He manages, however, to convince them to let him explain how his life on the margins led him to know everything from the author of one of India’s best known songs (Maman at the orphanage forced the boys to sing it while begging) to the name of the president on the American hundred-dollar bill.

It’s a clever idea, and to tell the tale director Danny Boyle (and co-director Loveleen Tandon) takes the camera swooping from crowded slum to arid countryside to rapidly developing megacity, with a stopover at the Taj Mahal, where the two brothers, having escaped from the orphanage, have begun to perfect their skills as scam artists (taking a few of those Ben Franklins from American tourists) and petty thieves.

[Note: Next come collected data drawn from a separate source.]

lemma hat_block_measure_outside_states:
  assumes K: "K \<ge> 1" and W: "W \<noteq> []" "\<not> set W \<subseteq> markov_states p K"
  shows "hat (block_measure K) W = 0"
proof (cases "\<exists>z. K \<le> length z \<and> W = blocks K z")
  case True
  then obtain z where z: "K \<le> length z" "W = blocks K z" by blast
  obtain i where i: "i < length W" "W ! i \<notin> markov_states p K"
    using W(2) by (metis in_set_conv_nth subsetI)
  have "p z = 0"
  proof (rule ccontr)
    assume "p z \<noteq> 0"
    then have "p z > 0" using hat_nonneg[of z] by simp
    then show False using markov_trans_blocks(1)[OF K _ , of z i] i z(2) by simp
  qed
  then show ?thesis using hat_block_measure_blocks[OF K z(1)] z(2) by simp
next
  case False
  then show ?thesis using hat_block_measure_eq_0[OF W(1)] by blast
qed

lemma hat_block_measure_snoc_blocks:
  assumes K: "K \<ge> 1" and M: "markov_identity p K" and z: "K \<le> length z"
    and last_z: "last (blocks K z) \<in> markov_states p K"
    and overlap: "b \<noteq> []" "butlast b = tl (last (blocks K z))"
  shows "hat (block_measure K) (blocks K z @ [b])
    = hat (block_measure K) (blocks K z) * markov_trans p (last (blocks K z)) b"
proof -
  let ?w = "last (blocks K z)" and ?c = "last b"
  have hat_zb: "hat (block_measure K) (blocks K z @ [b]) = p (z @ [?c])"
    using hat_block_measure_blocks[OF K, of "z @ [?c]"] blocks_snoc_last[OF K z overlap] z by simp
  have trans: "markov_trans p ?w b = p (?w @ [?c]) / p ?w"
    using overlap by (simp add: markov_trans_def)
  have "z = take (length z - K) z @ ?w" using last_blocks[OF z] by simp
  moreover have "length ?w = K" using last_z by (simp add: markov_states_def)
  ultimately have "p (z @ [?c]) * p ?w = p z * p (?w @ [?c])"
    using M unfolding markov_identity_def by (metis append.assoc)
  moreover have "p ?w > 0" using last_z by (simp add: markov_states_def)
  ultimately have "p (z @ [?c]) = p z * (p (?w @ [?c]) / p ?w)" by (simp add: field_simps)
  then show ?thesis by (simp add: hat_zb hat_block_measure_blocks[OF K z] trans)
qed

lemma hat_block_measure_snoc_state:
  assumes K: "K \<ge> 1" and M: "markov_identity p K"
    and W: "W \<noteq> []" and last_W: "last W \<in> markov_states p K"
  shows "hat (block_measure K) (W @ [b]) = hat (block_measure K) W * markov_trans p (last W) b"
proof (cases "b \<noteq> [] \<and> butlast b = tl (last W)")
  case overlap: True
  show ?thesis
  proof (cases "\<exists>z. K \<le> length z \<and> W = blocks K z")
    case True
    then show ?thesis using hat_block_measure_snoc_blocks[OF K M] last_W overlap by blast
  next
    case False
    have "\<nexists>z'. K \<le> length z' \<and> W @ [b] = blocks K z'"
    proof
      assume "\<exists>z'. K \<le> length z' \<and> W @ [b] = blocks K z'"
      then obtain z' where "W @ [b] = blocks K z'" by blast
      then obtain z where "K \<le> length z" "W = blocks K z" by (rule blocks_snoc_cases[OF K W])
      with False show False by blast
    qed
    then show ?thesis
      using hat_block_measure_eq_0[OF W] hat_block_measure_eq_0[of "W @ [b]" K] False by simp
  qed
next
  case False
  then have "\<nexists>z'. K \<le> length z' \<and> W @ [b] = blocks K z'"
    using blocks_snoc_overlap[OF K W] by blast
  moreover have "markov_trans p (last W) b = 0" using False by (auto simp: markov_trans_def)
  ultimately show ?thesis using hat_block_measure_eq_0[of "W @ [b]" K] by simp
qed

Salim, the older brother, takes to this life with greedy enthusiasm, but Jamal wants only to find and rescue Latika, the little girl who came with them to the orphanage but was unable to make the leap onto the train that took them away.  

He finds her, loses her, and finds her again, remaining doggedly loyal as she is shunted from a seedy brothel to become the concubine of a mobster.

The film swirls with color, music and pulsing rhythm, and doesn’t shy from the grimmest realities of the poor, and yet it all goes down easy because Salim, Jamal and Latika seem to sail through with minor damage.  

The ending is never in doubt, though Boyle effectively whips up the suspense as the TV show draws to a close.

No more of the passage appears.